There was a post (I’m having trouble finding) with many examples of how “fallacies” can be reasonable forms of argument. e.g. Argument from authority is fallacious, but for many questions, it would be irrational to weight a child’s opinion as heavily as an adult’s.
Could someone provide the link? Annoyance, perhaps you could respond to it, because you seem very quick to point out fallacies and many in the community think it is sometimes unhelpful.
maybe that’s why he’s called Annoyance?!
There’s an argument from authority that’s a fallacy, and one that’s not.
Arguments of the form, “S is an authority on X and says p, so we have reason to think that p” can be valid (possibly missing some easy steps) but might be unsound.
Arguments of the form “S is an authority on X and says p, therefore p” are just plainly invalid.
There is no contradiction here.
agreed, still looking for the link.
I strongly suspect ‘reasonable’ is being used in the most common, and most erroneous, sense—that of “not striking the speaker as being unusual or producing cognitive dissonance”.
Fallacies are, by their nature, invalid arguments. There are sometimes valid arguments related loosely to the content of certain fallacies, but they should be asserted rather than the invalid form.
(edit to alter content to what I now think is a better phrasing)
These individuals need to be publicly identified as irrationalists.
Hey, I publicly identify myself as an irrationalist, and I have no problem calling a spade a spade.
That said, folks could easily think “Logical fallacy!” is about as helpful as “That comment had 25 characters!”
If you think people won’t notice that there’s a fallacy, then you should also think that they won’t know what it is, and kindly point it out.
how are you defining irrationalist? we are all, of course, imperfect rationalists.
I’ll have to write a blog post about that. For now, suffice it to say that I use it analogously to how a Nietzschean might use “amoralist”.
Amoral is to moral/immoral as arational is to rational/irrational?

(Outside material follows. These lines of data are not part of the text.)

(* Let $\theta$ be an irrational number whose best rational approximants $(p_n/q_n)_{n\ge0}$ satisfy $q_n^{-1}\log q_{n+1}\to\infty$ as $n\to\infty$. For any sequence of positive numbers $(\varepsilon_p)_{p\ge1}$ converging to $0$, there exist a subsequence $(q'_n)_{n\ge0}$ of $(q_n)_{n\ge0}$ and a strictly increasing sequence of positive integers $(N_p)_{p\ge1}$ such that for every $p\ge1$, \[|1-e^{2\pi i N_p\theta}|+\sum_{n\ge0}|1-e^{2\pi i q'_nN_p\theta}|\,p^{q'_n}\le\varepsilon_p.\]
   Context: Best rational approximants $p_n/q_n$ of an irrational $\theta$ are its continued fraction convergents, with $\gcd(p_n,q_n)=1$, $q_n\ge0$. A subsequence $q'$ of $(q_n)$ means $q'_n=q_{k_n}$ with $k_n$ strictly increasing. *)

theory Defs
  imports "HOL-Analysis.Analysis"
begin

fun cf_rem :: "real \<Rightarrow> nat \<Rightarrow> real" where
  "cf_rem x 0 = x"
| "cf_rem x (Suc n) = 1 / frac (cf_rem x n)"

definition cf_a :: "real \<Rightarrow> nat \<Rightarrow> int" where
  "cf_a x n = \<lfloor>cf_rem x n\<rfloor>"

text \<open>Denominators of the convergents p_n/q_n:
  q_0 = 1, q_1 = a_1, q_(n+2) = a_(n+2) q_(n+1) + q_n  (i.e. q_(-1) = 0).\<close>

fun cf_q :: "real \<Rightarrow> nat \<Rightarrow> int" where
  "cf_q x 0 = 1"
| "cf_q x (Suc 0) = cf_a x 1"
| "cf_q x (Suc (Suc n)) = cf_a x (n + 2) * cf_q x (Suc n) + cf_q x n"

end

theory Submission
  imports Defs
begin

(* Write ||x|| for the distance from x to the nearest integer. Then |1 - e^(2 pi i x)| <= 2 pi ||x||,
   and the convergent estimate ||c q_j theta|| <= |c| / q_(j+1) together with log q_(j+1) / q_j -> oo
   gives ||q_i q_j theta|| <= q_i r^(q_j) for any fixed r > 0 once j is large. Choose rates r_m -> 0
   fast in terms of eps_1, ..., eps_m, then indices k_m >= m so large that
   1 / q_(k_m + 1) <= r_m^(q_(k_m)), and take q'_n = q_(k_n), N_p = q_(k_p). In the n-th term of
   the sum for p the factor p^(q'_n) is absorbed by the power of r_(max n p), so the terms are
   dominated by eps_p 2^(-n) / 4. *)

lemma norm_one_minus_exp_i_le: "cmod (1 - exp (\<i> * complex_of_real y)) \<le> \<bar>y\<bar>"
proof -
  have "exp (\<i> * complex_of_real y) = Complex (cos y) (sin y)"
    by (simp add: exp_Euler cos_of_real sin_of_real complex_eq_iff)
  then have "(cmod (1 - exp (\<i> * complex_of_real y)))\<^sup>2 = (1 - cos y)\<^sup>2 + (sin y)\<^sup>2"
    by (simp add: cmod_power2)
  also have "\<dots> = 2 - 2 * cos y"
    using sin_cos_squared_add[of y] by (simp add: power2_eq_square algebra_simps)
  also have "\<dots> = (2 * \<bar>sin (y / 2)\<bar>)\<^sup>2"
    using cos_double_sin[of "y / 2"] by (simp add: power2_eq_square)
  also have "\<dots> \<le> \<bar>y\<bar>\<^sup>2"
    using abs_sin_x_le_abs_x[of "y / 2"] by (intro power_mono) auto
  finally show ?thesis
    using power2_le_imp_le abs_ge_zero by blast
qed

lemma norm_one_minus_exp_2pi_le:
  "cmod (1 - exp (2 * pi * \<i> * complex_of_real x)) \<le> 2 * pi * \<bar>x - of_int m\<bar>"
proof -
  have "exp (2 * pi * \<i> * of_int m) = 1"
    using exp_integer_2pi[of "of_int m"] by (simp add: mult_ac)
  moreover have "2 * pi * \<i> * complex_of_real x
      = \<i> * complex_of_real (2 * pi * (x - of_int m)) + 2 * pi * \<i> * of_int m"
    by (simp add: field_simps)
  ultimately have "exp (2 * pi * \<i> * complex_of_real x) = exp (\<i> * complex_of_real (2 * pi * (x - of_int m)))"
    by (simp add: exp_add)
  then show ?thesis
    using norm_one_minus_exp_i_le[of "2 * pi * (x - of_int m)"] by (simp add: abs_mult)
qed

lemma cf_rem_not_Rats: "\<theta> \<notin> \<rat> \<Longrightarrow> cf_rem \<theta> n \<notin> \<rat>"
proof (induction n)
  case (Suc n)
  show ?case
  proof
    assume "cf_rem \<theta> (Suc n) \<in> \<rat>"
    then have "frac (cf_rem \<theta> n) \<in> \<rat>"
      by (metis Rats_inverse cf_rem.simps(2) inverse_eq_divide inverse_inverse_eq)
    then have "cf_rem \<theta> n \<in> \<rat>"
      by (metis Rats_add Rats_of_int frac_def diff_add_cancel)
    with Suc show False by simp
  qed
qed simp

lemma cf_rem_not_Ints: "\<theta> \<notin> \<rat> \<Longrightarrow> cf_rem \<theta> n \<notin> \<int>"
  using cf_rem_not_Rats Ints_subset_Rats by blast

lemma cf_a_Suc_ge_1: "\<theta> \<notin> \<rat> \<Longrightarrow> 1 \<le> cf_a \<theta> (Suc n)"
proof -
  assume "\<theta> \<notin> \<rat>"
  then have "0 < frac (cf_rem \<theta> n)" "frac (cf_rem \<theta> n) < 1"
    using cf_rem_not_Ints frac_lt_1 by auto
  then have "1 < cf_rem \<theta> (Suc n)"
    by (simp add: less_divide_eq)
  then show ?thesis
    by (simp add: cf_a_def one_le_floor)
qed

lemma cf_q_ge_1_and_Suc_mono:
  assumes "\<theta> \<notin> \<rat>"
  shows "1 \<le> cf_q \<theta> n \<and> cf_q \<theta> n \<le> cf_q \<theta> (Suc n) \<and> (1 \<le> n \<longrightarrow> cf_q \<theta> n < cf_q \<theta> (Suc n))"
proof (induction n)
  case 0
  then show ?case
    using cf_a_Suc_ge_1[OF assms, of 0] by simp
next
  case (Suc n)
  have "cf_q \<theta> (Suc n) \<le> cf_a \<theta> (Suc (Suc n)) * cf_q \<theta> (Suc n)"
    using cf_a_Suc_ge_1[OF assms, of "Suc n"] Suc.IH by (simp add: mult_le_cancel_right1)
  moreover have "cf_q \<theta> (Suc (Suc n)) = cf_a \<theta> (Suc (Suc n)) * cf_q \<theta> (Suc n) + cf_q \<theta> n"
    by (simp add: numeral_2_eq_2)
  ultimately show ?case
    using Suc.IH by linarith
qed

lemma cf_q_ge_1: "\<theta> \<notin> \<rat> \<Longrightarrow> 1 \<le> cf_q \<theta> n"
  using cf_q_ge_1_and_Suc_mono by blast

lemma cf_q_mono: "\<theta> \<notin> \<rat> \<Longrightarrow> i \<le> j \<Longrightarrow> cf_q \<theta> i \<le> cf_q \<theta> j"
  using lift_Suc_mono_le[of "cf_q \<theta>"] cf_q_ge_1_and_Suc_mono by blast

lemma cf_q_strict_mono: "\<theta> \<notin> \<rat> \<Longrightarrow> 1 \<le> i \<Longrightarrow> i < j \<Longrightarrow> cf_q \<theta> i < cf_q \<theta> j"
  by (rule lift_Suc_mono_less_ivl[of "{1..}"]) (use cf_q_ge_1_and_Suc_mono in auto)

fun cf_p :: "real \<Rightarrow> nat \<Rightarrow> int" where
  "cf_p x 0 = cf_a x 0"
| "cf_p x (Suc 0) = cf_a x 1 * cf_a x 0 + 1"
| "cf_p x (Suc (Suc n)) = cf_a x (n + 2) * cf_p x (Suc n) + cf_p x n"

definition cf_err :: "real \<Rightarrow> nat \<Rightarrow> real" where
  "cf_err x n = of_int (cf_q x n) * x - of_int (cf_p x n)"

lemma cf_err_Suc_Suc: "cf_err x (Suc (Suc n)) = of_int (cf_a x (n + 2)) * cf_err x (Suc n) + cf_err x n"
  by (simp add: cf_err_def algebra_simps)

lemma cf_err_Suc:
  assumes "\<theta> \<notin> \<rat>"
  shows "cf_err \<theta> (Suc n) = - frac (cf_rem \<theta> (Suc n)) * cf_err \<theta> n"
proof (induction n)
  case 0
  have "0 < frac \<theta>"
    using cf_rem_not_Ints[OF assms, of 0] by simp
  then show ?case
    by (simp add: cf_err_def cf_a_def frac_def field_simps)
next
  case (Suc n)
  define x where "x = cf_rem \<theta> (Suc (Suc n))"
  have "x * frac (cf_rem \<theta> (Suc n)) = 1"
    using cf_rem_not_Ints[OF assms, of "Suc n"] by (simp add: x_def)
  with Suc have "cf_err \<theta> n = - x * cf_err \<theta> (Suc n)"
    by (simp add: algebra_simps)
  then have "cf_err \<theta> (Suc (Suc n)) = - (x - of_int (cf_a \<theta> (n + 2))) * cf_err \<theta> (Suc n)"
    using cf_err_Suc_Suc[of \<theta> n] by (simp add: algebra_simps)
  then show ?case
    by (simp add: x_def frac_def cf_a_def)
qed

lemma cf_q_cf_err_det:
  "\<bar>of_int (cf_q \<theta> (Suc n)) * cf_err \<theta> n - of_int (cf_q \<theta> n) * cf_err \<theta> (Suc n)\<bar> = 1"
proof (induction n)
  case 0
  then show ?case
    by (simp add: cf_err_def algebra_simps)
next
  case (Suc n)
  have "of_int (cf_q \<theta> (Suc (Suc n))) * cf_err \<theta> (Suc n) - of_int (cf_q \<theta> (Suc n)) * cf_err \<theta> (Suc (Suc n))
      = - (of_int (cf_q \<theta> (Suc n)) * cf_err \<theta> n - of_int (cf_q \<theta> n) * cf_err \<theta> (Suc n))"
    by (simp only: cf_err_Suc_Suc cf_q.simps of_int_add of_int_mult) (simp add: algebra_simps)
  with Suc show ?case
    by simp
qed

That would be a much better distinction, wouldn’t it?
Well, maybe—but then what are they doing here?
I think you’re missing my point—we should be in 1 of 2 situations:
the intended audience already knows there’s a logical fallacy, so your statement communicates nothing
the intended audience does not know there’s a logical fallacy, so they also didn’t identify what and where the logical fallacy is and you might as well be helpful and point it out.
Even people who know what the fallacy is won’t necessarily notice it.
And people who didn’t recognize the fallacy can still use logic to determine what it is—or rather, they should be able to.
thomblake’s first case refers to people actually noticing the instance of fallacy, not just being abstractly familiar with the kind. Are you twisting words on purpose, or are you actually failing to notice what was intended?
Annoyance was pointing out the third case, which I had suggested was unlikely—that one might not notice that the reasoning is fallacious, but can work it out once it’s brought to one’s attention. Presumably, such people are the intended audience of “Logical Fallacy!” and I could see how that might be helpful to them. I still think it would be much more helpful to point out the specific instance, with little more effort.
I do see your point. However, if people can’t work through a brief, simple written argument and analyze it for its logical content by themselves, they’re really not ready to contribute.
Passing over a fallacy without recognizing it is something that a reasonable person might do inadvertently, or even because they want to accept the argument and so will tend not to notice. But someone who is incapable of working through and finding the flaw?
It’s not as though I replied to a page-long comment “There’s a word misspelled”. There would be hundreds or thousands of words involved, and even a recognizable typo might take a long time to locate. A word that someone genuinely misspelled would probably prove evasive for a long time.
The logical content of such a comment would be much simpler—and few comments here are that complex.
“This comment consists of 120 characters” is unhelpful even if nobody bothered to count and the given number is correct.
Truth that doesn’t pay its rent is poison.